Traditionally, InfiniBand has been the go-to choice for building high-performance computing environments due to its low latency and high throughput. However, Intel's decision to use Ethernet with RDMA and RoCE for the Gaudi 3 accelerators hinges on several strategic factors:
Each Gaudi 3 node comprises eight-way configurations capable of delivering up to 14.7 petaflops at FP8 precision. These nodes utilize OSFP links that are essential for high-speed data transmission, necessitating the use of retimers to handle doubled speeds effectively. The internal configuration of the Gaudi 3 includes 24 ports, with 21 dedicated to creating a dense, all-to-all network essential for high-bandwidth communications between accelerators.
When scaling up, these nodes are grouped into sub-clusters. A typical sub-cluster might consist of sixteen Gaudi 3 nodes. The networking within these sub-clusters employs high-performance switches like Broadcom's Tomahawk 5 StrataXGS, which supports up to 51.2 Tb/sec. These switches are divided into two halves: one interfacing directly with the servers at 800 Gb/sec and the other connecting upwards to the spine network, ensuring robust scalability and redundancy.
领英推荐
For larger deployments, the network architecture expands into multiple sub-clusters. To scale to 4,096 Gaudi 3 accelerators across 512 server nodes, the design links 32 sub-clusters. This is achieved by interconnecting 96-leaf switches with three banks of sixteen spine switches. This arrangement allows for multiple paths for inter-node communication, which is critical for maintaining high levels of data integrity and system availability across extensive computing tasks.

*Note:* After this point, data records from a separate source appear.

definition cptw_set :: "'a set \<Rightarrow> ('a \<Rightarrow> 'a \<Rightarrow> bool) \<Rightarrow> ('a \<Rightarrow> 'a \<Rightarrow> real) \<Rightarrow> 'a set \<Rightarrow> real \<Rightarrow> nat" where
  "cptw_set V E w B \<alpha> = (LEAST t. prob_ptw_le V E w B t \<ge> \<alpha>)"

definition cptw :: "'a set \<Rightarrow> ('a \<Rightarrow> 'a \<Rightarrow> bool) \<Rightarrow> ('a \<Rightarrow> 'a \<Rightarrow> real) \<Rightarrow> real \<Rightarrow> nat" where
  "cptw V E w \<alpha> =
     Min ((\<lambda>B. cptw_set V E w B \<alpha>) ` {B. zero_forcing_set V E B \<and> card B = Z_num V E})"

definition path_V :: "nat \<Rightarrow> nat set" where
  "path_V n = {..<n}"

definition path_E :: "nat \<Rightarrow> nat \<Rightarrow> bool" where
  "path_E i j \<longleftrightarrow> j = Suc i \<or> i = Suc j"

end

theory Submission
  imports Defs
begin

text \<open>The zero forcing number of \<open>P\<^sub>n\<close> is 1 and the only zero forcing sets of
size 1 are the two endpoints. Started from an endpoint, the blue vertices always form a
subpath with exactly one forcing attempt per round until the whole path is blue; each
attempt succeeds independently with probability \<open>p\<close>. Hence after \<open>t\<close> rounds the
number of additional blue vertices is \<open>min X (n - 1)\<close> with \<open>X ~ Bin(t, p)\<close>, and the
path is completely blue exactly when \<open>X \<ge> n - 1\<close>.\<close>

lemma force_attempts_all_blue: "force_attempts V E V = {}"
  unfolding force_attempts_def by auto

lemma mem_force_attempts_iff:
  "(u, v) \<in> force_attempts V E S \<longleftrightarrow>
     u \<in> S \<and> v \<in> V \<and> v \<notin> S \<and> E u v \<and> (\<forall>x\<in>V. E u x \<and> x \<notin> S \<longrightarrow> x = v)"
  unfolding force_attempts_def by simp

lemma zf_closure_empty: "zf_closure V E {} = {}"
proof -
  have "x \<notin> zf_closure V E {}" for x
  proof
    assume "x \<in> zf_closure V E {}"
    then show False by (induction rule: zf_closure.induct) auto
  qed
  then show ?thesis by blast
qed

definition forcing_chain ::
    "'a set \<Rightarrow> ('a \<Rightarrow> 'a \<Rightarrow> bool) \<Rightarrow> (nat \<Rightarrow> 'a set) \<Rightarrow> (nat \<Rightarrow> 'a) \<Rightarrow> (nat \<Rightarrow> 'a) \<Rightarrow> nat \<Rightarrow> bool"
  where "forcing_chain V E S a b N \<longleftrightarrow>
    (\<forall>k<N. force_attempts V E (S k) = {(a k, b k)} \<and> S (Suc k) = insert (b k) (S k)) \<and>
    force_attempts V E (S N) = {}"

lemma forcing_chain_mono:
  assumes "forcing_chain V E S a b N" "i \<le> j" "j \<le> N"
  shows "S i \<subseteq> S j"
  using assms(2,3)
proof (induction j rule: dec_induct)
  case (step j)
  then show ?case using assms(1) unfolding forcing_chain_def by auto
qed simp

lemma forcing_chain_stage_neq_final:
  assumes chain: "forcing_chain V E S a b N" and "k < N"
  shows "S k \<noteq> S N"
proof -
  have "(a k, b k) \<in> force_attempts V E (S k)" "S (Suc k) = insert (b k) (S k)"
    using assms unfolding forcing_chain_def by auto
  then have "b k \<notin> S k" "b k \<in> S (Suc k)"
    unfolding force_attempts_def by auto
  moreover have "S (Suc k) \<subseteq> S N"
    using forcing_chain_mono[OF chain] \<open>k < N\<close> by simp
  ultimately show ?thesis by blast
qed

text \<open>Each round moves the chain one stage further with probability \<open>p\<close>, independently of
the past, so the stage reached after \<open>t\<close> rounds is a \<open>Bin(t, p)\<close> count capped at \<open>N\<close>.\<close>

lemma wzf_dist_forcing_chain:
  assumes chain: "forcing_chain V E S a b N"
    and weight: "\<And>k. k < N \<Longrightarrow> w (a k) (b k) = p"
    and p: "0 \<le> p" "p \<le> 1"
  shows "wzf_dist V E w (S 0) t = map_pmf (\<lambda>j. S (min j N)) (binomial_pmf t p)"
proof (induction t)
  case 0
  then show ?case using p by (simp add: binomial_pmf_0)
next
  case (Suc t)
  have step: "wzf_step V E w (S (min j N)) =
      map_pmf (\<lambda>x. S (min ((if x then 1 else 0) + j) N)) (bernoulli_pmf p)" for j
  proof (cases "j < N")
    case True
    then have fa: "force_attempts V E (S j) = {(a j, b j)}"
      and ins: "S (Suc j) = insert (b j) (S j)"
      using chain unfolding forcing_chain_def by auto
    have "wzf_step V E w (S (min j N)) =
        map_pmf (\<lambda>f. S j \<union> {v. \<exists>u. (u, v) \<in> {(a j, b j)} \<and> f (u, v)})
          (map_pmf (\<lambda>x y. if y = (a j, b j) then x else False) (bernoulli_pmf (w (a j) (b j))))"
      unfolding wzf_step_def using True fa by (simp add: Pi_pmf_singleton)
    also have "\<dots> = map_pmf (\<lambda>x. S (min ((if x then 1 else 0) + j) N)) (bernoulli_pmf p)"
      unfolding pmf.map_comp o_def using True weight[OF True] ins
      by (intro map_pmf_cong) (auto simp: Suc_le_eq)
    finally show ?thesis .
  next
    case False
    then have "min j N = N" "\<And>x. min ((if x then 1 else 0) + j) N = N" by auto
    then show ?thesis
      using chain unfolding wzf_step_def forcing_chain_def by (simp add: map_pmf_const)
  qed
  have "wzf_dist V E w (S 0) (Suc t) = binomial_pmf t p \<bind> (\<lambda>j. wzf_step V E w (S (min j N)))"
    using Suc by (simp add: bind_map_pmf)
  also have "\<dots> = binomial_pmf t p \<bind> (\<lambda>j. bernoulli_pmf p \<bind>
        (\<lambda>x. return_pmf (S (min ((if x then 1 else 0) + j) N))))"
    by (simp add: step map_pmf_def)
  also have "\<dots> = bernoulli_pmf p \<bind> (\<lambda>x. binomial_pmf t p \<bind>
        (\<lambda>j. return_pmf (S (min ((if x then 1 else 0) + j) N))))"
    by (rule bind_commute_pmf)
  also have "\<dots> = map_pmf (\<lambda>j. S (min j N)) (binomial_pmf (Suc t) p)"
    using p by (simp add: binomial_pmf_Suc map_pmf_def bind_assoc_pmf bind_return_pmf)
  finally show ?case .
qed
lemma finite_SC_admissible:
  assumes "s \<in> SSplus"
  shows "finite (SC ` {t. admissible s t})"
proof -
  have "SC t \<le> 2 * card (ssupp s)" if "admissible s t" for t
  proof -
    have "{i. t i = Pos} \<subseteq> ssupp s"
    proof
      fix i assume "i \<in> {i. t i = Pos}"
      moreover have "t i \<in> {Neg, Zero, s i}" using that by (simp add: admissible_def)
      ultimately show "i \<in> ssupp s" by (auto simp: ssupp_def)
    qed
    then have "card {i. t i = Pos} \<le> card (ssupp s)"
      using assms by (intro card_mono) (auto simp: SSplus_def SS_def)
    then show ?thesis using SC_le_twice_card_Pos that by (fastforce simp: admissible_def)
  qed
  then have "SC ` {t. admissible s t} \<subseteq> {..2 * card (ssupp s)}" by auto
  then show ?thesis by (rule finite_subset) simp
qed

lemma SC_le_dd: "s \<in> SSplus \<Longrightarrow> admissible s t \<Longrightarrow> SC t \<le> dd s"
  unfolding dd_eq_Max_admissible by (auto intro: Max_ge finite_SC_admissible)

lemma dd_attained:
  assumes "s \<in> SSplus"
  obtains t where "admissible s t" and "SC t = dd s"
proof -
  have "admissible s (\<lambda>_. Zero)" by (simp add: admissible_def SS_def ssupp_def)
  then have "dd s \<in> SC ` {t. admissible s t}"
    unfolding dd_eq_Max_admissible using finite_SC_admissible[OF assms] by (intro Max_in) auto
  then show ?thesis using that by auto
qed

lemma nth_filter_le:
  fixes xs :: "'a :: linorder list"
  assumes "sorted_wrt (\<ge>) xs" and "i < length (filter P xs)"
  shows "filter P xs ! i \<le> xs ! i"
  using assms
proof (induction xs arbitrary: i)
  case (Cons x xs)
  have sorted: "sorted_wrt (\<ge>) xs" and x_max: "\<forall>y \<in> set xs. y \<le> x"
    using Cons.prems(1) by simp_all
  show ?case
  proof (cases "P x")
    case True
    show ?thesis
    proof (cases i)
      case (Suc k)
      then have "k < length (filter P xs)" using Cons.prems(2) True by simp
      then show ?thesis using Cons.IH[OF sorted] Suc True by simp
    qed (simp add: True)
  next
    case False
    then have i: "i < length (filter P xs)" using Cons.prems(2) by simp
    then have "i < length xs" using length_filter_le[of P xs] by linarith
    have "filter P xs ! i \<le> xs ! i" using Cons.IH[OF sorted i] .
    also have "xs ! i \<le> (x # xs) ! i"
    proof (cases i)
      case 0 then show ?thesis using x_max \<open>i < length xs\<close> by simp
    next
      case (Suc k)
      then show ?thesis using sorted \<open>i < length xs\<close> sorted_wrt_nth_less[of "(\<ge>)" xs k i] by simp
    qed
    finally show ?thesis using False by simp
  qed
qed simp
lemma subgroup_G_group: "subgroup (carrier (G_group k)) (BijGroup (tree_vertices k))"
proof (rule subgroup.intro)
  let ?S = "tree_vertices k"
  show "carrier (G_group k) \<subseteq> carrier (BijGroup ?S)"
    by (auto simp: carrier_G_group BijGroup_def tree_aut_def)
  show "x \<otimes>\<^bsub>BijGroup ?S\<^esub> y \<in> carrier (G_group k)"
    if "x \<in> carrier (G_group k)" "y \<in> carrier (G_group k)" for x y
    using that tree_aut_compose
    by (simp add: carrier_G_group BijGroup_def tree_aut_Bij leaf_perm_compose evenperm_comp
        permutation_leaf_perm)
  have "(\<lambda>x\<in>?S. x) \<in> tree_aut k"
    by (rule tree_autI) (auto simp: id_Bij tree_vertices_def)
  then show "\<one>\<^bsub>BijGroup ?S\<^esub> \<in> carrier (G_group k)"
    by (simp add: BijGroup_def carrier_G_group leaf_perm_id)
  show "inv\<^bsub>BijGroup ?S\<^esub> x \<in> carrier (G_group k)" if x: "x \<in> carrier (G_group k)" for x
  proof -
    let ?y = "restrict (inv_into ?S x) ?S"
    have a: "x \<in> tree_aut k" "evenperm (leaf_perm k x)" using x by (auto simp: carrier_G_group)
    have ya: "?y \<in> tree_aut k" using tree_aut_inv[OF a(1)] .
    have "compose ?S ?y x = (\<lambda>x\<in>?S. x)" using Bij_compose_restrict_eq[OF tree_aut_Bij[OF a(1)]] .
    then have "leaf_perm k ?y \<circ> leaf_perm k x = id" using leaf_perm_compose[OF ya a(1)] leaf_perm_id by simp
    then have "evenperm (leaf_perm k ?y)"
      using a ya evenperm_id by (metis evenperm_comp permutation_leaf_perm)
    then show ?thesis using inv_BijGroup[OF tree_aut_Bij[OF a(1)]] ya by (simp add: carrier_G_group)
  qed
qed

lemma group_G_group: "group (G_group k)"
proof -
  have "G_group k = (BijGroup (tree_vertices k))\<lparr>carrier := carrier (G_group k)\<rparr>"
    by (simp add: G_group_def)
  then show ?thesis using group.subgroup_imp_group[OF group_BijGroup subgroup_G_group] by metis
qed

definition prefix_action :: "(bool list \<Rightarrow> bool list) \<Rightarrow> nat \<Rightarrow> bool list \<Rightarrow> bool list" where
  "prefix_action q n w = (if length w = Suc n then q (butlast w) @ [last w] else w)"

text \<open>A transposition of two words of length \<open>n\<close> acts on words of length \<open>n + 1\<close>
  as a product of two transpositions.\<close>

lemma evenperm_prefix_action:
  assumes "q permutes {u :: bool list. length u = n}"
  shows "permutation (prefix_action q n) \<and> evenperm (prefix_action q n)"
  using assms finite_words_length
proof (induction rule: permutes_induct)
  case id
  have "prefix_action (\<lambda>a. a) n = id"
    by (rule ext) (auto simp: prefix_action_def intro!: append_butlast_last_id)
  then show ?case by (simp flip: id_def)
next
  case (swap a b p)
  let ?T = "transpose (a @ [False]) (b @ [False]) \<circ> transpose (a @ [True]) (b @ [True])"
  have "prefix_action (transpose a b \<circ> p) n = ?T \<circ> prefix_action p n"
  proof
    fix w :: "bool list"
    have "length (p (butlast w)) = n" if "length w = Suc n"
      using that permutes_in_image[OF \<open>p permutes {u. length u = n}\<close>] by simp
    then show "prefix_action (transpose a b \<circ> p) n w = (?T \<circ> prefix_action p n) w"
      using swap \<open>a \<noteq> b\<close>
      by (cases "last w") (auto simp: prefix_action_def transpose_def)
  qed
  moreover have "permutation ?T" "evenperm ?T"
    using \<open>a \<noteq> b\<close>
    by (simp_all add: permutation_compose permutation_swap_id evenperm_comp evenperm_swap)
  ultimately show ?case
    using swap.IH by (metis permutation_compose evenperm_comp)
qed

definition acts_within_depth :: "nat \<Rightarrow> nat \<Rightarrow> (bool list \<Rightarrow> bool list) \<Rightarrow> bool" where
  "acts_within_depth k m g \<longleftrightarrow> (\<forall>w\<in>tree_vertices k. g w = g (take m w) @ drop m w)"

definition truncation :: "nat \<Rightarrow> nat \<Rightarrow> (bool list \<Rightarrow> bool list) \<Rightarrow> bool list \<Rightarrow> bool list" where
  "truncation k m g = (\<lambda>w\<in>tree_vertices k. g (take m w) @ drop m w)"

lemma length_truncation:
  assumes g: "g \<in> tree_aut k" and w: "w \<in> tree_vertices k"
  shows "length (truncation k m g w) = length w"
  using tree_aut_length[OF g, of "take m w"] w by (simp add: truncation_def tree_vertices_def)

lemma truncation_tree_aut:
  assumes g: "g \<in> tree_aut k"
  shows "truncation k m g \<in> tree_aut k"
proof (rule tree_autI)
  let ?S = "tree_vertices k" and ?h = "truncation k m g"
  have "inj_on ?h ?S"
  proof (rule inj_onI)
    fix x y assume x: "x \<in> ?S" and y: "y \<in> ?S" and e: "?h x = ?h y"
    have "take m x \<in> ?S" "take m y \<in> ?S" using x y by (auto simp: tree_vertices_def)
    moreover have "length x = length y" using length_truncation[OF g] x y e by metis
    then have "length (g (take m x)) = length (g (take m y))"
      using tree_aut_length[OF g] x by (simp add: tree_vertices_def)
    moreover have "g (take m x) @ drop m x = g (take m y) @ drop m y"
      using e x y by (simp add: truncation_def)
    ultimately have "take m x = take m y" "drop m x = drop m y"
      using inj_onD[OF tree_aut_inj_on[OF g]] by auto
    then show "x = y" by (metis append_take_drop_id)
  qed
  moreover have "?h ` ?S \<subseteq> ?S" using length_truncation[OF g] by (auto simp: tree_vertices_def)
  ultimately have "bij_betw ?h ?S ?S"
    using endo_inj_surj[OF finite_tree_vertices] by (simp add: bij_betw_def)
  then show "?h \<in> Bij ?S" by (simp add: Bij_def truncation_def)
  show "?h [] = []" using g by (simp add: truncation_def tree_vertices_def tree_aut_def)
  fix v :: "bool list" and b :: bool assume v: "length v < k"
  then show "\<exists>c. ?h (v @ [b]) = ?h v @ [c]"
    using tree_aut_append[OF g v, of b]
    by (cases "m \<le> length v") (auto simp: truncation_def tree_vertices_def)
qed
(* Let $(c_d)_{d\ge 0}$ be nonnegative integers, $(p_d)_{d\ge0}\subset[0,1]$, and for each $d\ge 0$ let $F_d$ be a cumulative distribution function of a random variable taking values in the nonnegative integers $\{0,1,2,\dots\}$. For each $t\in\mathbb{N}$, let $\{M_{d,i}(t)\}$, $0\le d\le t$, $1\le i\le c_d$, be independent random variables with $M_{d,i}(t)\sim \mathrm{Bernoulli}\big(p_d F_d(t-d)\big)$. Let $r_t=\sum_{d=0}^t c_d$ and assume $r_t\to\infty$ as $t\to\infty$. Define $$CFR(t)=\frac{1}{r_t}\sum_{d=0}^t \frac{\sum_{i=1}^{c_d} M_{d,i}(t)}{F_d(t-d)},\qquad cfr(t)=\frac{\sum_{d=0}^t c_d p_d}{r_t},$$ $$V(CFR(t))=\frac{\sum_{d=0}^t c_d\, p_d\big(1-p_dF_d(t-d)\big)/F_d(t-d)}{r_t^2}.$$ Consider the assumptions (A1) $\inf_{d} F_d(0)=D>0$; (A2) $\inf_d p_d = I>0$; (A3) $\sup_d p_d = S<1$. Then: (i) If (A1) holds, then $CFR(t)-cfr(t)\to 0$ in probability as $t\to\infty$. (ii) If (A1), (A2) and (A3) hold, then $\dfrac{CFR(t)-cfr(t)}{\sqrt{V(CFR(t))}}$ converges in distribution to the standard normal distribution $N(0,1)$ as $t\to\infty$.
   Context: Interpretation (for orientation only): $c_d$ is the number of cases of a disease confirmed on day $d$, $p_d$ is the probability of eventually dying from the disease for a case confirmed on day $d$, $F_d$ is the distribution function of the number of days from confirmation to death for cases confirmed on day $d$ that die, and $M_{d,i}(t)$ indicates whether the $i$-th case confirmed on day $d$ has died of the disease by day $t$. The quantity $cfr(t)$ is the case fatality rate by day $t$ and $CFR(t)$ is its proposed estimator; $V(CFR(t))$ equals the variance of $CFR(t)$. Under (A1), $F_d(t-d)\ge F_d(0)>0$, so $CFR(t)$ is well defined. *)

theory Defs
  imports "HOL-Probability.Probability"
begin

definition nat_cdf :: "nat pmf \<Rightarrow> nat \<Rightarrow> real" where
  "nat_cdf Q k = measure_pmf.prob Q {..k}"

definition rcases :: "(nat \<Rightarrow> nat) \<Rightarrow> nat \<Rightarrow> nat" where
  "rcases c t = (\<Sum>d\<le>t. c d)"

text \<open>The estimator CFR(t); X t d i is the indicator M_{d,i}(t) (as a boolean).\<close>
definition CFR_est :: "(nat \<Rightarrow> nat) \<Rightarrow> (nat \<Rightarrow> nat \<Rightarrow> real)
    \<Rightarrow> (nat \<Rightarrow> nat \<Rightarrow> nat \<Rightarrow> 'a \<Rightarrow> bool) \<Rightarrow> nat \<Rightarrow> 'a \<Rightarrow> real" where
  "CFR_est c F X t \<omega> =
     (\<Sum>d\<le>t. (\<Sum>i=1..c d. of_bool (X t d i \<omega>)) / F d (t - d)) / real (rcases c t)"

definition cfr_true :: "(nat \<Rightarrow> nat) \<Rightarrow> (nat \<Rightarrow> real) \<Rightarrow> nat \<Rightarrow> real" where
  "cfr_true c p t = (\<Sum>d\<le>t. real (c d) * p d) / real (rcases c t)"

definition V_CFR :: "(nat \<Rightarrow> nat) \<Rightarrow> (nat \<Rightarrow> real) \<Rightarrow> (nat \<Rightarrow> nat \<Rightarrow> real) \<Rightarrow> nat \<Rightarrow> real" where
  "V_CFR c p F t =
     (\<Sum>d\<le>t. real (c d) * p d * (1 - p d * F d (t - d)) / F d (t - d)) / (real (rcases c t))\<^sup>2"

end

theory Submission
  imports Defs
begin

text \<open>
  Put \<open>q\<^sub>d = p\<^sub>d F\<^sub>d(t - d)\<close>. Then \<open>CFR(t) - cfr(t)\<close> is the sum over the confirmed cases \<open>(d, i)\<close>
  of \<open>(M\<^sub>d\<^sub>i(t) - q\<^sub>d) / (F\<^sub>d(t - d) r\<^sub>t)\<close>: a weighted sum of independent centred Bernoulli
  variables whose weights are at most \<open>1 / (D r\<^sub>t)\<close> by (A1), and \<open>V(CFR(t))\<close> is exactly its
  variance. Part (i) is then Hoeffding's inequality, which bounds the probability of a deviation
  larger than \<open>e\<close> by \<open>2 exp (- 2 e\<^sup>2 D\<^sup>2 r\<^sub>t)\<close>.

  For part (ii), (A2) and (A3) give \<open>V(CFR(t)) \<ge> I (1 - S) / r\<^sub>t\<close>, so the weights of the
  standardised sum are at most \<open>\<beta>\<^sub>t = 1 / (D sqrt (I (1 - S) r\<^sub>t))\<close>, which tends to \<open>0\<close>.
  Comparing each factor of its characteristic function with the matching Gaussian factor through a
  third-order Taylor expansion (a Lyapunov-type estimate) yields
  \<open>|\<phi>\<^sub>t(u) - exp (- u\<^sup>2 / 2)| \<le> |u|\<^sup>3 \<beta>\<^sub>t / 6 + u\<^sup>4 \<beta>\<^sub>t\<^sup>2\<close>,
  and Levy's continuity theorem concludes.
\<close>

lemma norm_iexp_minus_taylor2_le:
  "cmod (iexp x - (1 + \<i> * complex_of_real x - complex_of_real (x^2 / 2))) \<le> \<bar>x\<bar>^3 / 6"
proof -
  have "(\<Sum>k\<le>2. (\<i> * complex_of_real x)^k / fact k)
      = 1 + \<i> * complex_of_real x - complex_of_real (x^2 / 2)"
    by (simp add: numeral_2_eq_2 power2_eq_square field_simps)
  moreover have "fact (Suc 2) = (6::real)"
    by (simp add: numeral_3_eq_3 numeral_2_eq_2)
  ultimately show ?thesis
    using iexp_approx1[of x 2] by (simp add: numeral_3_eq_3)
qed

lemma abs_exp_neg_minus_taylor1_le:
  fixes y :: real
  assumes "0 \<le> y"
  shows "\<bar>exp (- y) - (1 - y)\<bar> \<le> y^2"
proof -
  have "1 - y \<le> exp (- y)"
    using exp_ge_add_one_self[of "- y"] by simp
  moreover have "exp (- y) \<le> 1 / (1 + y)"
    using exp_ge_add_one_self[of y] assms by (simp add: exp_minus field_simps)
  moreover have "1 / (1 + y) - (1 - y) = y^2 / (1 + y)"
    using assms by (simp add: field_simps power2_eq_square)
  moreover have "y^2 / (1 + y) \<le> y^2"
    using assms by (simp add: divide_le_eq algebra_simps)
  ultimately show ?thesis
    by linarith
qed

text \<open>The characteristic function at \<open>u\<close> of \<open>a (B - q)\<close> for \<open>B \<sim> Bernoulli(q)\<close>.\<close>
definition centred_bernoulli_char :: "real \<Rightarrow> real \<Rightarrow> real \<Rightarrow> complex" where
  "centred_bernoulli_char q a u =
     complex_of_real (1 - q) * iexp (- (u * a * q)) + complex_of_real q * iexp (u * a * (1 - q))"

lemma norm_centred_bernoulli_char_le_1:
  assumes "0 \<le> q" "q \<le> 1"
  shows "cmod (centred_bernoulli_char q a u) \<le> 1"
proof -
  have "cmod (centred_bernoulli_char q a u)
      \<le> cmod (complex_of_real (1 - q) * iexp (- (u * a * q)))
         + cmod (complex_of_real q * iexp (u * a * (1 - q)))"
    unfolding centred_bernoulli_char_def by (rule norm_triangle_ineq)
  also have "\<dots> = 1"
    using assms by (simp only: norm_mult norm_of_real norm_exp_i_times) simp
  finally show ?thesis .
qed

In the context of inference, where rapid response times are crucial, integrating Ethernet with RDMA and RoCE in Gaudi 3 accelerators significantly enhances data throughput and latency, directly impacting the performance of real-time AI applications. This network setup allows efficient data exchange across nodes, which is crucial for deploying models that require real-time inference, like those used in video analysis and online transaction systems.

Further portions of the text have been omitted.